Работа у смотрителя была пока что нехлопотной, поэтому это место поначалу очень хотела занять Эрна Бракуп. Врубелю с большим трудом удалось втолковать ей, что должность кладбищенской сторожихи несовместима с постом в наблюдательном совете солидного акционерного общества; старушка дала себя уговорить лишь после того, как Врубель указал ей на ее особую миссию в качестве полномочной представительницы национального меньшинства, а Решке предложил за магнитофонные записи приличную плату. «Нельзя, так нельзя. А я бы ладно в сторожке-то устроилась, славно. Хоть ночь, хоть темень — сиди себе, поглядывай. Уж я бы стерегла, чтобы озорники какие на кладбище не забрались или воры. Да чего уж там. А вообще-то я всегда мечтала быть при кладбище смотрительницей».
Не только Решке слушал ее по возможности со включенным магнитофоном. Ежи Врубель, который родился в Гродно, а после войны попал в разрушенный Данциг, вырос среди строительных лесов и теперь жадно интересовался историей воскресшего из руин города, не довольствуясь земельными книгами кадастрового ведомства. Школьные учителя и священники вдалбливали ему в голову, что Гданьск всегда был польским, истинно польским. Но позднее детская вера оказалась поколебленной, и Врубель захотел узнать больше, чем можно прочесть в документах. Ему было недостаточно многих связок бумаг на немецком языке о судебных тяжбах, где оспаривались права на землевладение и пользование дорогами, просроченные права на имущество и наследство, всех этих накопившихся веками кляуз; с тем большим азартом глотал он любопытные подробности, которые сообщала ему Эрна Бракуп, подробности, имевшие свой особый запах и вкус. «Хороши края далекие, а только жить на чужбине плохо», — эти слова Эрны Бракуп свидетельствовали об ее нерушимой укорененности в родной земле. Из кладовых памяти извлекала она то городские сплетни, то рассказы о политических катаклизмах. Она помнила, кто проживал на Большой аллее, то есть по соседству со Сводным кладбищем. «Директора там жили, богатеи. Прислугу держали и домоправителей. Здесь вот и были их дома — от Аллеи Гинденбурга до улицы Адольфа Гитлера, как ее тогда называли. Помню, ходила я на виллу доктора Цитрона, сердчишко у меня пошаливало. Хороший он был доктор, правда, хоть и еврей. Допекли его, врачевать запретили, поэтому пришлось ему в Швецию податься».

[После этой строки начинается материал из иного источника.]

lemma funpow_square_mod: "((\<lambda>x. x\<^sup>2 mod n) ^^ j) (x mod n) = x ^ 2 ^ j mod (n::nat)"
proof (induction j)
  case 0
  then show ?case by simp
next
  case (Suc j)
  have "(x ^ 2 ^ j mod n)\<^sup>2 mod n = (x ^ 2 ^ j)\<^sup>2 mod n" by (rule power_mod)
  also have "(x ^ 2 ^ j)\<^sup>2 = x ^ 2 ^ Suc j" by (simp add: power_mult[symmetric] mult.commute)
  finally show ?case using Suc by simp
qed

lemma ord_ord_two_of_exact_period:
  fixes n x r :: nat
  assumes "coprime x n" and "x < n" and "r \<ge> 1" and per: "exact_period (\<lambda>x. x\<^sup>2 mod n) r x"
  shows "odd (ord n x) \<and> ord (ord n x) 2 = r"
proof -
  define D where "D = ord n x"
  have period_iff: "((\<lambda>x. x\<^sup>2 mod n) ^^ j) x = x \<longleftrightarrow> [2 ^ j = 1] (mod D)" for j
  proof -
    have "((\<lambda>x. x\<^sup>2 mod n) ^^ j) x = x \<longleftrightarrow> [x ^ 2 ^ j = x ^ 1] (mod n)"
      using funpow_square_mod[where n = n and j = j and x = x] \<open>x < n\<close> by (simp add: cong_def)
    also have "\<dots> \<longleftrightarrow> [2 ^ j = 1] (mod D)"
      using order_divides_expdiff[of n x "2 ^ j" 1] \<open>coprime x n\<close> by (simp add: D_def coprime_commute)
    finally show ?thesis .
  qed
  have r_cong: "[2 ^ r = 1] (mod D)" using per period_iff by (simp add: exact_period_def)
  have "odd D"
  proof
    assume "even D"
    then have "[(2::nat) ^ r = 1] (mod 2)" using r_cong cong_dvd_modulus_nat by blast
    then show False using \<open>r \<ge> 1\<close> by (simp add: cong_def)
  qed
  define q where "q = ord D 2"
  have "0 < q" using \<open>odd D\<close> ord_eq_0[of D 2] by (simp add: q_def)
  have "q dvd r" using r_cong ord_divides by (simp add: q_def)
  then have "q \<le> r" using \<open>r \<ge> 1\<close> by (simp add: dvd_imp_le)
  moreover have "\<not> q < r"
  proof
    assume "q < r"
    then have "((\<lambda>x. x\<^sup>2 mod n) ^^ q) x \<noteq> x" using per \<open>0 < q\<close> by (simp add: exact_period_def)
    moreover have "[2 ^ q = 1] (mod D)" using ord[of 2 D] by (simp add: q_def)
    ultimately show False using period_iff by simp
  qed
  ultimately have "q = r" by simp
  then show ?thesis using \<open>odd D\<close> by (simp add: D_def q_def)
qed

На любой вопрос Врубеля — где проходили трамвайные маршруты? кто читал проповеди в такой-то церкви и сколько лет? — у Эрны Бракуп всегда находился ответ. Жена рабочего с верфи, который погиб в 1942 году в Крыму, она отлично знала, кто с кем враждовал в те времена, когда Данциг имел статус вольного города: «Скажу по секрету, пан Врубель, здесь в Шихау и на вагонном заводе — жуть что творилось. Красные лупили коричневых, а те дубасили ротфронтовцев. Пока Адольф не пришел и всех не утихомирил…»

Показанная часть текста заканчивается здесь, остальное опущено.